Chico State is one of two schools in the California State University system that will be audited on its handling of sexual harassment and sexual violence incidents on and around campus.
The audit was prompted by a federal complaint that UC Berkeley was handling sexual and violent crime investigations and reports incorrectly.
The audit will also include San Diego State, UCLA and UC Berkeley, according to the California State Auditor’s office. The results will be published in April.
State officials did not indicate why Chico State and San Diego State were chosen.
Sexual and violent crimes aren’t a rarity on college campuses, and they affect many college students.
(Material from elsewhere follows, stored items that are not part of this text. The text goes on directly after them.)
(* Let $M\in\mathcal{F}$. Then there exist positive integers $n_1,\dots,n_k$ such that $M$ is the range of the cardinal function of the finite sequence $(n_1,\dots,n_k)$.
   Context: For a finite sequence $\mathbf{x}=(x_1,\dots,x_N)$ of positive reals, its achievement set is $\mathcal{A}(\mathbf{x})=\{\sum_{n\in A}x_n: A\subseteq\{1,\dots,N\}\}$ and its cardinal function $f_{\mathbf{x}}:\mathcal{A}(\mathbf{x})\to\mathbb{N}$ sends $x$ to the number of subsets $A\subseteq\{1,\dots,N\}$ with $\sum_{n\in A}x_n=x$ (terms with equal values at different positions are distinguished). $\mathcal{F}$ is the family of ranges of cardinal functions of finite sequences of positive reals. *)

theory Defs
  imports Complex_Main
begin

definition achievement_set :: "'a::comm_monoid_add list \<Rightarrow> 'a set" where
  "achievement_set xs = {(\<Sum>n\<in>A. xs ! n) | A. A \<subseteq> {0..<length xs}}"

definition cardinal_fun :: "'a::comm_monoid_add list \<Rightarrow> 'a \<Rightarrow> nat" where
  "cardinal_fun xs x = card {A. A \<subseteq> {0..<length xs} \<and> (\<Sum>n\<in>A. xs ! n) = x}"

definition cardinal_range :: "'a::comm_monoid_add list \<Rightarrow> nat set" where
  "cardinal_range xs = cardinal_fun xs ` achievement_set xs"

definition family_F :: "nat set set" where
  "family_F = {cardinal_range xs | xs :: real list. \<forall>x\<in>set xs. x > 0}"

end

theory Submission
  imports Defs
begin

text \<open>The cardinal range of a sequence only depends on which pairs of index sets have equal
  sums. A sequence \<open>x\<close> of length \<open>L\<close> solves the finite system of linear conditions in
  \<open>y\<close>: \<open>\<Sum>\<^sub>A y = \<Sum>\<^sub>B y\<close> whenever \<open>\<Sum>\<^sub>A x = \<Sum>\<^sub>B x\<close>, \<open>\<Sum>\<^sub>A y > \<Sum>\<^sub>B y\<close> whenever \<open>\<Sum>\<^sub>A x > \<Sum>\<^sub>B x\<close>,
  and \<open>y\<^sub>i > 0\<close>. Its coefficients are rational, so it also has a rational solution, and every
  solution has the same equality pattern of subset sums as \<open>x\<close>. Clearing denominators turns
  a rational solution into positive integers.\<close>

text \<open>An affine form \<open>c + \<Sum>\<^sub>i\<^sub><\<^sub>N a\<^sub>i z\<^sub>i\<close> in the variables \<open>z\<^sub>0, \<dots>, z\<^sub>N\<^sub>-\<^sub>1\<close> is represented by the
  pair \<open>(c, a)\<close>; the number \<open>N\<close> of variables is passed separately.\<close>

type_synonym aform = "real \<times> (nat \<Rightarrow> real)"

definition aform_eval :: "nat \<Rightarrow> aform \<Rightarrow> (nat \<Rightarrow> real) \<Rightarrow> real" where
  "aform_eval N f z = fst f + (\<Sum>i<N. snd f i * z i)"

definition rational_aform :: "aform \<Rightarrow> bool" where
  "rational_aform f \<longleftrightarrow> fst f \<in> \<rat> \<and> (\<forall>i. snd f i \<in> \<rat>)"

definition aform_solves :: "nat \<Rightarrow> aform set \<Rightarrow> aform set \<Rightarrow> (nat \<Rightarrow> real) \<Rightarrow> bool" where
  "aform_solves N E P z \<longleftrightarrow> (\<forall>f\<in>E. aform_eval N f z = 0) \<and> (\<forall>f\<in>P. aform_eval N f z > 0)"

lemma aform_eval_upd [simp]: "aform_eval N f (z(N := t)) = aform_eval N f z"
  unfolding aform_eval_def by (auto intro!: sum.cong)

lemma aform_eval_Suc: "aform_eval (Suc N) f z = aform_eval N f z + snd f N * z N"
  unfolding aform_eval_def by simp

lemma aform_eval_rational:
  "rational_aform f \<Longrightarrow> (\<And>i. z i \<in> \<rat>) \<Longrightarrow> aform_eval N f z \<in> \<rat>"
  unfolding aform_eval_def rational_aform_def by (auto intro!: Rats_add Rats_sum Rats_mult)

lemma aform_solves_image:
  assumes "\<And>f. aform_eval N (g f) z = aform_eval M f z'"
  shows "aform_solves N (g ` E) (g ` P) z \<longleftrightarrow> aform_solves M E P z'"
  unfolding aform_solves_def using assms by auto

lemma aform_solvesD:
  assumes "aform_solves N E P z"
  shows "f \<in> E \<Longrightarrow> aform_eval N f z = 0" and "f \<in> P \<Longrightarrow> aform_eval N f z > 0"
  using assms unfolding aform_solves_def by blast+

text \<open>Substitution of the value of \<open>z\<^sub>N\<close> determined by the equation \<open>e = 0\<close>.\<close>

definition aform_eliminate :: "aform \<Rightarrow> nat \<Rightarrow> aform \<Rightarrow> aform" where
  "aform_eliminate e N f =
     (fst f - snd f N * fst e / snd e N, \<lambda>j. snd f j - snd f N * snd e j / snd e N)"

lemma aform_eval_eliminate:
  assumes "snd e N \<noteq> 0"
  shows "aform_eval N (aform_eliminate e N f) z
           = aform_eval (Suc N) f (z(N := - aform_eval N e z / snd e N))"
proof -
  have "aform_eval N (aform_eliminate e N f) z
          = aform_eval N f z - snd f N * aform_eval N e z / snd e N"
    unfolding aform_eval_def aform_eliminate_def
    by (simp add: algebra_simps sum_subtractf sum_distrib_left sum_divide_distrib
        add_divide_distrib)
  with assms show ?thesis
    by (simp add: aform_eval_Suc field_simps)
qed

lemma rational_aform_eliminate:
  "rational_aform e \<Longrightarrow> rational_aform f \<Longrightarrow> rational_aform (aform_eliminate e N f)"
  unfolding rational_aform_def aform_eliminate_def by (auto intro!: Rats_diff Rats_mult Rats_divide)

definition aform_instantiate :: "nat \<Rightarrow> real \<Rightarrow> aform \<Rightarrow> aform" where
  "aform_instantiate N r f = (fst f + snd f N * r, snd f)"

lemma aform_eval_instantiate:
  "aform_eval N (aform_instantiate N r f) z = aform_eval (Suc N) f (z(N := r))"
  unfolding aform_eval_Suc aform_eval_upd by (simp add: aform_eval_def aform_instantiate_def)

lemma rational_aform_instantiate:
  "rational_aform f \<Longrightarrow> r \<in> \<rat> \<Longrightarrow> rational_aform (aform_instantiate N r f)"
  unfolding rational_aform_def aform_instantiate_def by auto

lemma ex_rational_update_keeps_pos:
  assumes "finite P" and pos: "\<forall>f\<in>P. aform_eval (Suc N) f x > 0"
  shows "\<exists>r\<in>\<rat>. \<forall>f\<in>P. aform_eval (Suc N) f (x(N := r)) > 0"
proof -
  have "\<forall>\<^sub>F r in nhds (x N). \<forall>f\<in>P. aform_eval (Suc N) f (x(N := r)) > 0"
  proof (intro eventually_ball_finite ballI \<open>finite P\<close>)
    fix f assume "f \<in> P"
    have "((\<lambda>r. aform_eval N f x + snd f N * r) \<longlongrightarrow> aform_eval (Suc N) f x) (nhds (x N))"
      unfolding aform_eval_Suc by (intro tendsto_intros filterlim_ident)
    from order_tendstoD(1)[OF this] show "\<forall>\<^sub>F r in nhds (x N). aform_eval (Suc N) f (x(N := r)) > 0"
      using pos \<open>f \<in> P\<close> by (simp add: aform_eval_Suc)
  qed
  then obtain d where "d > 0" and d: "\<And>r. dist r (x N) < d \<Longrightarrow> \<forall>f\<in>P. aform_eval (Suc N) f (x(N := r)) > 0"
    unfolding eventually_nhds_metric by blast
  obtain r where "r \<in> \<rat>" "x N - d < r" "r < x N + d"
    using Rats_dense_in_real[of "x N - d" "x N + d"] \<open>d > 0\<close> by auto
  then have "dist r (x N) < d" by (simp add: dist_real_def abs_less_iff)
  then show ?thesis using d \<open>r \<in> \<rat>\<close> by blast
qed

lemma ex_rational_solution_eliminate:
  assumes eN: "snd e N \<noteq> 0" and "rational_aform e"
    and "\<exists>y. (\<forall>i. y i \<in> \<rat>) \<and> aform_solves N (aform_eliminate e N ` E) (aform_eliminate e N ` P) y"
  shows "\<exists>y. (\<forall>i. y i \<in> \<rat>) \<and> aform_solves (Suc N) E P y"
proof -
  obtain y where y: "\<forall>i. y i \<in> \<rat>"
    and sol: "aform_solves N (aform_eliminate e N ` E) (aform_eliminate e N ` P) y"
    using assms(3) by blast
  define y' where "y' = y(N := - aform_eval N e y / snd e N)"
  have "\<forall>i. y' i \<in> \<rat>"
    using y aform_eval_rational[OF \<open>rational_aform e\<close>, of y N] \<open>rational_aform e\<close>
    by (auto simp: y'_def rational_aform_def)
  moreover have "aform_solves (Suc N) E P y'"
    using sol by (subst (asm) aform_solves_image[OF aform_eval_eliminate[OF eN]]) (simp add: y'_def)
  ultimately show ?thesis by blast
qed

lemma ex_rational_solution_instantiate:
  assumes "r \<in> \<rat>"
    and "\<exists>y. (\<forall>i. y i \<in> \<rat>) \<and> aform_solves N (aform_instantiate N r ` E) (aform_instantiate N r ` P) y"
  shows "\<exists>y. (\<forall>i. y i \<in> \<rat>) \<and> aform_solves (Suc N) E P y"
proof -
  obtain y where "\<forall>i. y i \<in> \<rat>"
    and "aform_solves N (aform_instantiate N r ` E) (aform_instantiate N r ` P) y"
    using assms(2) by blast
  then have "(\<forall>i. (y(N := r)) i \<in> \<rat>) \<and> aform_solves (Suc N) E P (y(N := r))"
    using \<open>r \<in> \<rat>\<close> by (simp add: aform_solves_image[OF aform_eval_instantiate])
  then show ?thesis by blast
qed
That’s why Chico State should welcome the increased transparency and oversight that comes with a high-profile audit.
Cooperating with the audit will show that Chico State is willing to make this campus and city safer.
The audit might also shine a light on the way sexual assaults are reported at Chico State.
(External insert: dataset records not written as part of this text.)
(* Suppose in addition that $P$ is twice continuously differentiable. Then, for every $\alpha\in[0,1)$, the efficient mechanism $M_e$ is dominated.
   Context: Setting. Let $\Theta=[\underline\theta,\overline\theta]$ with $0<\underline\theta<\overline\theta$. Let $c>0$ and let $P:\mathbb R_+\to\mathbb R_+$ be continuous and strictly decreasing with $P(\overline q)=0$ for some $\overline q>0$. Put $V(q)=\int_0^q P(z)\,dz$ and $\mathrm{TS}(\theta,q)=V(q)-c-\theta q$ for $q>0$, $\mathrm{TS}(\theta,0)=0$. Assume (A2): $\mathrm{TS}(\overline\theta,P^{-1}(\overline\theta))>0$. A mechanism is a triple $M=(r,q,u)$ of functions $r:\Theta\to[0,1]$, $q:\Theta\to[0,\overline q]$, $u:\Theta\to\mathbb R$ with $q(\theta)=0$ if and only if $r(\theta)=0$. It is IC if $u(\theta)\ge u(\theta')+(\theta'-\theta)q(\theta')r(\theta')$ for all $\theta,\theta'\in\Theta$, and IR if $u(\theta)\ge 0$ for all $\theta$. (Known fact: $M$ is IC iff $\theta\mapsto q(\theta)r(\theta)$ is nonincreasing and $u(\theta)=u(\overline\theta)+\int_\theta^{\overline\theta}q(z)r(z)\,dz$ for all $\theta$; an IC mechanism is IR iff $u(\overline\theta)\ge0$.) For $\alpha\in[0,1)$, the regulator's surplus at $\theta$ is $\mathrm{RS}_\alpha(\theta,M)=r(\theta)\,\mathrm{TS}(\theta,q(\theta))-(1-\alpha)u(\theta)$. An IC and IR mechanism $\tilde M$ dominates an IC and IR mechanism $M$ if $\mathrm{RS}_\alpha(\theta,\tilde M)\ge \mathrm{RS}_\alpha(\theta,M)$ for all $\theta\in\Theta$ with strict inequality for some $\theta$. The efficient quantity is $q_e(\theta)=P^{-1}(\theta)$. The efficient mechanism is $M_e=(r_e,q_e,u_e)$ with $r_e\equiv1$ and $u_e(\theta)=\int_\theta^{\overline\theta}q_e(z)\,dz$. *)

theory Defs
  imports "HOL-Analysis.Analysis"
begin

type_synonym mechanism = "(real \<Rightarrow> real) \<times> (real \<Rightarrow> real) \<times> (real \<Rightarrow> real)"

definition V :: "(real \<Rightarrow> real) \<Rightarrow> real \<Rightarrow> real" where
  "V P q = integral {0..q} P"

definition TS :: "(real \<Rightarrow> real) \<Rightarrow> real \<Rightarrow> real \<Rightarrow> real \<Rightarrow> real" where
  "TS P c \<theta> q = (if q = 0 then 0 else V P q - c - \<theta> * q)"

definition is_mechanism :: "real set \<Rightarrow> real \<Rightarrow> mechanism \<Rightarrow> bool" where
  "is_mechanism \<Theta> qbar M = (case M of (r, q, u) \<Rightarrow>
     (\<forall>\<theta>\<in>\<Theta>. r \<theta> \<in> {0..1} \<and> q \<theta> \<in> {0..qbar} \<and> (q \<theta> = 0 \<longleftrightarrow> r \<theta> = 0)))"

definition IC :: "real set \<Rightarrow> mechanism \<Rightarrow> bool" where
  "IC \<Theta> M = (case M of (r, q, u) \<Rightarrow>
     (\<forall>\<theta>\<in>\<Theta>. \<forall>\<theta>'\<in>\<Theta>. u \<theta> \<ge> u \<theta>' + (\<theta>' - \<theta>) * q \<theta>' * r \<theta>'))"

definition IR :: "real set \<Rightarrow> mechanism \<Rightarrow> bool" where
  "IR \<Theta> M = (case M of (r, q, u) \<Rightarrow> (\<forall>\<theta>\<in>\<Theta>. u \<theta> \<ge> 0))"

definition RS :: "(real \<Rightarrow> real) \<Rightarrow> real \<Rightarrow> real \<Rightarrow> real \<Rightarrow> mechanism \<Rightarrow> real" where
  "RS P c \<alpha> \<theta> M = (case M of (r, q, u) \<Rightarrow> r \<theta> * TS P c \<theta> (q \<theta>) - (1 - \<alpha>) * u \<theta>)"

definition dominates ::
  "real set \<Rightarrow> real \<Rightarrow> (real \<Rightarrow> real) \<Rightarrow> real \<Rightarrow> real \<Rightarrow> mechanism \<Rightarrow> mechanism \<Rightarrow> bool" where
  "dominates \<Theta> qbar P c \<alpha> M' M =
     (is_mechanism \<Theta> qbar M' \<and> IC \<Theta> M' \<and> IR \<Theta> M' \<and>
      is_mechanism \<Theta> qbar M \<and> IC \<Theta> M \<and> IR \<Theta> M \<and>
      (\<forall>\<theta>\<in>\<Theta>. RS P c \<alpha> \<theta> M' \<ge> RS P c \<alpha> \<theta> M) \<and>
      (\<exists>\<theta>\<in>\<Theta>. RS P c \<alpha> \<theta> M' > RS P c \<alpha> \<theta> M))"

definition dominated ::
  "real set \<Rightarrow> real \<Rightarrow> (real \<Rightarrow> real) \<Rightarrow> real \<Rightarrow> real \<Rightarrow> mechanism \<Rightarrow> bool" where
  "dominated \<Theta> qbar P c \<alpha> M = (\<exists>M'. dominates \<Theta> qbar P c \<alpha> M' M)"

definition q_e :: "(real \<Rightarrow> real) \<Rightarrow> real \<Rightarrow> real \<Rightarrow> real" where
  "q_e P qbar \<theta> = the_inv_into {0..qbar} P \<theta>"

definition M_e :: "(real \<Rightarrow> real) \<Rightarrow> real \<Rightarrow> real \<Rightarrow> mechanism" where
  "M_e P qbar \<theta>h = ((\<lambda>_. 1), q_e P qbar, (\<lambda>\<theta>. integral {\<theta>..\<theta>h} (q_e P qbar)))"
This is crucial, given the huge discrepency between sexual assaults that are recorded in Chico State’s annual Clery Report and the number of assaults that affect Chico State students.
There were 109 rapes reported in Chico between 2009 and 2011 and nine on campus during that same time period, according to Chico police statistics and Chico State’s Clery report.
Many of the rapes that occurred throughout Chico probably affected Chico State students, but you wouldn’t know it from looking at the university’s Clery Report.
Hopefully the audit will bring increased attention to sexual assault at Chico State, and maybe even suggest ways Chico State can shed light on these crimes and make this university safer.
It’s important to be transparent during the next few months — not only for the audit’s sake, but to show students and prospective students that the university is working toward a safer Chico.